Grey partridge

  • During the 19th Century, partridges flourished following land enclosure, which gave a patchwork quilt landscape of mixed cropping, and an increasing interest in shooting. By the late 19th and early 20th Century, grey patridge numbers were probably at a high point with more than 1 million pairs in the UK.

    In the 1950s, a sharp decline in numbers followed the introduction of herbicides in cereal growing, a reduction in gamekeepers and some habitat loss through hedgerow margin removal.

    We believe the causes of the grey partridge decline are also common to the loss in numbers of other farmland birds.

  • Here are the four golden rules to help you decide. Don’t shoot wild greys:

    • unless the autumn population is counted at over 20 birds per 250 acres (100 hectares)
    • when they are in pairs
    • by accident, i.e. when shooting redlegs or pheasants – special care is needed when driving redleg partridges
    • unless you also engage in the habitat enhancement, predation control and regularly assess their numbers and breeding performance
  • Yes. Our research has proved that effective predation control can easily treble grey partridge numbers in a few years.

    Reducing foxes, crows and small ground predators such as stoats and rats in the breeding and pre-breeding seasons is especially important.

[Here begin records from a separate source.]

lemma nn_integral_scaled_increments:
  fixes c :: real
  assumes "c > 0" and "F \<in> borel_measurable (PiM {..<k} (\<lambda>_. lborel))"
  shows "(\<integral>\<^sup>+ x. F (scaled_increments c k x) \<partial>PiM {..<k} (\<lambda>_. lborel))
           = ennreal ((1 / c) ^ k) * (\<integral>\<^sup>+ y. F y \<partial>PiM {..<k} (\<lambda>_. lborel))"
  using assms(2)
proof (induction k arbitrary: F)
  case 0
  have "scaled_increments c 0 x = x" if "x \<in> space (PiM {..<0} (\<lambda>_. lborel))" for x
    using that by (auto simp: space_PiM_empty scaled_increments_def restrict_def)
  then have "(\<integral>\<^sup>+ x. F (scaled_increments c 0 x) \<partial>PiM {..<0} (\<lambda>_. lborel))
      = (\<integral>\<^sup>+ x. F x \<partial>PiM {..<0} (\<lambda>_. lborel))"
    by (intro nn_integral_cong) simp
  then show ?case by simp
next
  case (Suc k)
  interpret product_sigma_finite "\<lambda>_::nat. lborel"
    by (simp add: product_sigma_finite_def lborel.sigma_finite_measure_axioms)
  let ?L = "\<lambda>k. PiM {..<k} (\<lambda>_::nat. lborel :: real measure)"
  have ins: "{..<Suc k} = insert k {..<k}" by auto
  note F[measurable] = Suc.prems[unfolded ins]
  define h where "h w = (\<integral>\<^sup>+ z. F (w(k := z)) \<partial>lborel)" for w
  have h[measurable]: "h \<in> borel_measurable (?L k)"
    unfolding h_def using F lborel.sigma_finite_measure_axioms by (rule borel_measurable_nn_integral_fun_upd)
  have "(\<integral>\<^sup>+ x. F (scaled_increments c (Suc k) x) \<partial>?L (Suc k))
      = (\<integral>\<^sup>+ x. (\<integral>\<^sup>+ y. F (scaled_increments c (Suc k) (x(k := y))) \<partial>lborel) \<partial>?L k)"
    using measurable_comp[OF scaled_increments_measurable_lborel Suc.prems]
    unfolding ins by (intro product_nn_integral_insert) (auto simp: comp_def)
  also have "\<dots> = (\<integral>\<^sup>+ x. ennreal (1 / c) * h (scaled_increments c k x) \<partial>?L k)"
  proof (rule nn_integral_cong)
    fix x assume x: "x \<in> space (?L k)"
    have "scaled_increments c k x \<in> space (?L k)"
      by (rule measurable_space[OF scaled_increments_measurable_lborel x])
    then have [measurable]: "(\<lambda>z. F ((scaled_increments c k x)(k := z))) \<in> borel_measurable borel"
      by measurable
    show "(\<integral>\<^sup>+ y. F (scaled_increments c (Suc k) (x(k := y))) \<partial>lborel)
        = ennreal (1 / c) * h (scaled_increments c k x)"
      unfolding scaled_increments_Suc_fun_upd h_def
      by (rule nn_integral_lborel_scaled_shift[OF assms(1)]) measurable
  qed
  also have "\<dots> = ennreal (1 / c) * ennreal ((1 / c) ^ k) * (\<integral>\<^sup>+ w. h w \<partial>?L k)"
    by (simp add: nn_integral_cmult Suc.IH[OF h] mult.assoc)
  also have "(\<integral>\<^sup>+ w. h w \<partial>?L k) = (\<integral>\<^sup>+ y. F y \<partial>?L (Suc k))"
    unfolding ins h_def by (rule product_nn_integral_insert[symmetric]) auto
  finally show ?case
    using assms(1) by (simp add: mult.assoc[symmetric] flip: ennreal_mult)
qed

section \<open>Product measures with densities\<close>

abbreviation uniform01 :: "real measure" where
  "uniform01 \<equiv> uniform_measure lborel {0..1}"

lemma prob_space_uniform01: "prob_space uniform01"
  by (rule prob_space_uniform_measure) simp_all
(* For every parameter $\rho\in\{\mathrm{sn},\underline{\mathrm{lcs}},\overline{\mathrm{scs}},\overline{\mathrm{lcs}}\}$ and every $N>0$, there exist graphs $H\subsetneq G$ ($H$ a proper subgraph of $G$) with $\chi(H)=\chi(G)$ such that $\rho(H)>N\rho(G)$.
   Context: All graphs are finite and simple. For a graph $G=(V,E)$ with $k=\chi(G)$, a proper $k$-colouring is a map $c:V\to[k]$ with $c(u)\neq c(v)$ for every edge $uv$. A set $S\subseteq V$ is a determining set for $(G,c)$ if there is no proper $k$-colouring $c'\neq c$ with $c'(s)=c(s)$ for all $s\in S$; a critical set is an inclusion-minimal determining set. $\mathrm{scs}(G,c)$ and $\mathrm{lcs}(G,c)$ are the sizes of a smallest resp. largest critical set for $(G,c)$. Over all proper $\chi(G)$-colourings $c$: $\mathrm{sn}(G)=\min_c\mathrm{scs}(G,c)$, $\underline{\mathrm{lcs}}(G)=\min_c\mathrm{lcs}(G,c)$, $\overline{\mathrm{scs}}(G)=\max_c\mathrm{scs}(G,c)$, $\overline{\mathrm{lcs}}(G)=\max_c\mathrm{lcs}(G,c)$. *)

theory Defs
  imports Complex_Main
begin

type_synonym 'a graph = "'a set \<times> 'a set set"

definition verts :: "'a graph \<Rightarrow> 'a set" where "verts G = fst G"
definition edges :: "'a graph \<Rightarrow> 'a set set" where "edges G = snd G"

definition simple_graph :: "'a graph \<Rightarrow> bool" where
  "simple_graph G \<longleftrightarrow> finite (verts G) \<and>
     (\<forall>e\<in>edges G. \<exists>u v. e = {u, v} \<and> u \<noteq> v \<and> u \<in> verts G \<and> v \<in> verts G)"

definition subgraph :: "'a graph \<Rightarrow> 'a graph \<Rightarrow> bool" where
  "subgraph H G \<longleftrightarrow> verts H \<subseteq> verts G \<and> edges H \<subseteq> edges G"

definition proper_subgraph :: "'a graph \<Rightarrow> 'a graph \<Rightarrow> bool" where
  "proper_subgraph H G \<longleftrightarrow> subgraph H G \<and> H \<noteq> G"

text \<open>Proper k-colouring with colours [k] = {1..k}; only values on V matter.\<close>
definition proper_colouring :: "'a graph \<Rightarrow> nat \<Rightarrow> ('a \<Rightarrow> nat) \<Rightarrow> bool" where
  "proper_colouring G k c \<longleftrightarrow> (\<forall>v\<in>verts G. c v \<in> {1..k}) \<and>
     (\<forall>u v. {u, v} \<in> edges G \<longrightarrow> c u \<noteq> c v)"

definition chi :: "'a graph \<Rightarrow> nat" where
  "chi G = (LEAST k. \<exists>c. proper_colouring G k c)"

text \<open>Two colourings are equal as maps V \<rightarrow> [k] iff they agree on V.\<close>
definition determining :: "'a graph \<Rightarrow> ('a \<Rightarrow> nat) \<Rightarrow> 'a set \<Rightarrow> bool" where
  "determining G c S \<longleftrightarrow> S \<subseteq> verts G \<and>
     \<not> (\<exists>c'. proper_colouring G (chi G) c' \<and> (\<exists>v\<in>verts G. c' v \<noteq> c v) \<and>
            (\<forall>s\<in>S. c' s = c s))"

definition critical :: "'a graph \<Rightarrow> ('a \<Rightarrow> nat) \<Rightarrow> 'a set \<Rightarrow> bool" where
  "critical G c S \<longleftrightarrow> determining G c S \<and> (\<forall>T. T \<subset> S \<longrightarrow> \<not> determining G c T)"

definition scs :: "'a graph \<Rightarrow> ('a \<Rightarrow> nat) \<Rightarrow> nat" where
  "scs G c = Min (card ` {S. critical G c S})"

definition lcs :: "'a graph \<Rightarrow> ('a \<Rightarrow> nat) \<Rightarrow> nat" where
  "lcs G c = Max (card ` {S. critical G c S})"

definition sn :: "'a graph \<Rightarrow> nat" where
  "sn G = Min {scs G c | c. proper_colouring G (chi G) c}"

definition lcs_min :: "'a graph \<Rightarrow> nat" where
  "lcs_min G = Min {lcs G c | c. proper_colouring G (chi G) c}"

definition scs_max :: "'a graph \<Rightarrow> nat" where
  "scs_max G = Max {scs G c | c. proper_colouring G (chi G) c}"

definition lcs_max :: "'a graph \<Rightarrow> nat" where
  "lcs_max G = Max {lcs G c | c. proper_colouring G (chi G) c}"

end

theory Submission
  imports Defs
begin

However, labour is expensive, i.e. professional keepers, and amateurs rarely have the expertise and time to be effective over a big area.

  • The fact is that wild grey partridges are more abundant where they are conserved for shooting.

    Denying those who do most to provide habitat and control predation the right to ‘harvest’ grey partridges when there is a shootable surplus would, at a stroke, eliminate much of the hard work and habitat that is created to conserve them. There would then be fewer partridges, not more.

  • This is a common view, but our research suggests that releasing game farm stock into a wild population may be counter-productive. This is probably because the released birds are not likely to be good mothers.

    If they take territories that could have been occupied by truly wild stock the exercise may therefore be damaging. Where no wild greys exist, there is a better reason to restock.

  • There is no hard evidence of this, but redlegs may be detrimental in some circumstances.

    Generally, the grey partridge is a more aggressive bird, but in the spring redlegs may dump their eggs into grey nests, resulting in incomplete or disrupted incubation of the grey eggs.

    Unless special measures are taken to avoid it, greys can be shot by mistake, especially on redleg days, but also by inexperienced guns on pheasant days.

  • The key count is carried out in the early autumn, immediately after harvest on arable ground, and any time after mid-August elsewhere. Try to complete the count before mid-September before the young birds moult into adult plumage. Drive round the whole area, field at a time, in early morning or late evening recording single birds, pairs and the size of all coveys.

    A pair of x10 binoculars are essential and two bird spotters in a vehicle are better than one. Try to establish which are young and which are old birds, and which are the males and females among the old birds. From this you can work out breeding success.

    Do not consider shooting unless you have more than than 20 birds per 250 acres and in poor breeding years do not shoot at all. Even in good years never shoot more than 30% of the stock.

    Why not submit your count to the Trust's long-running Partridge Count Scheme and benefit from the free information it provides?

  • Yes. The various stewardship schemes, operated separately for England and Wales, Scotland and Northern Ireland, give grants for hedgerows, as well as for conservation headlands, beetle banks and wild-bird seed mixes.

    Remember, one can also establish wild bird cover on set-aside ground.

  • Tell guns what to look out for. Greys usually fly in coveys until they pair up in January, while redlegs may fly in large, more loose packs, but often in singles.

    This alone may not be enough, so try to develop a system of signals from the beaters, and in particular the flankers, to warn guns of approaching grey partridges. Loud ‘thunderer’ whistles could indicate greys are coming so guns should only shoot if they are absolutely certain of redlegs over in the 15 seconds after a whistle blast. This technique has proved very effective.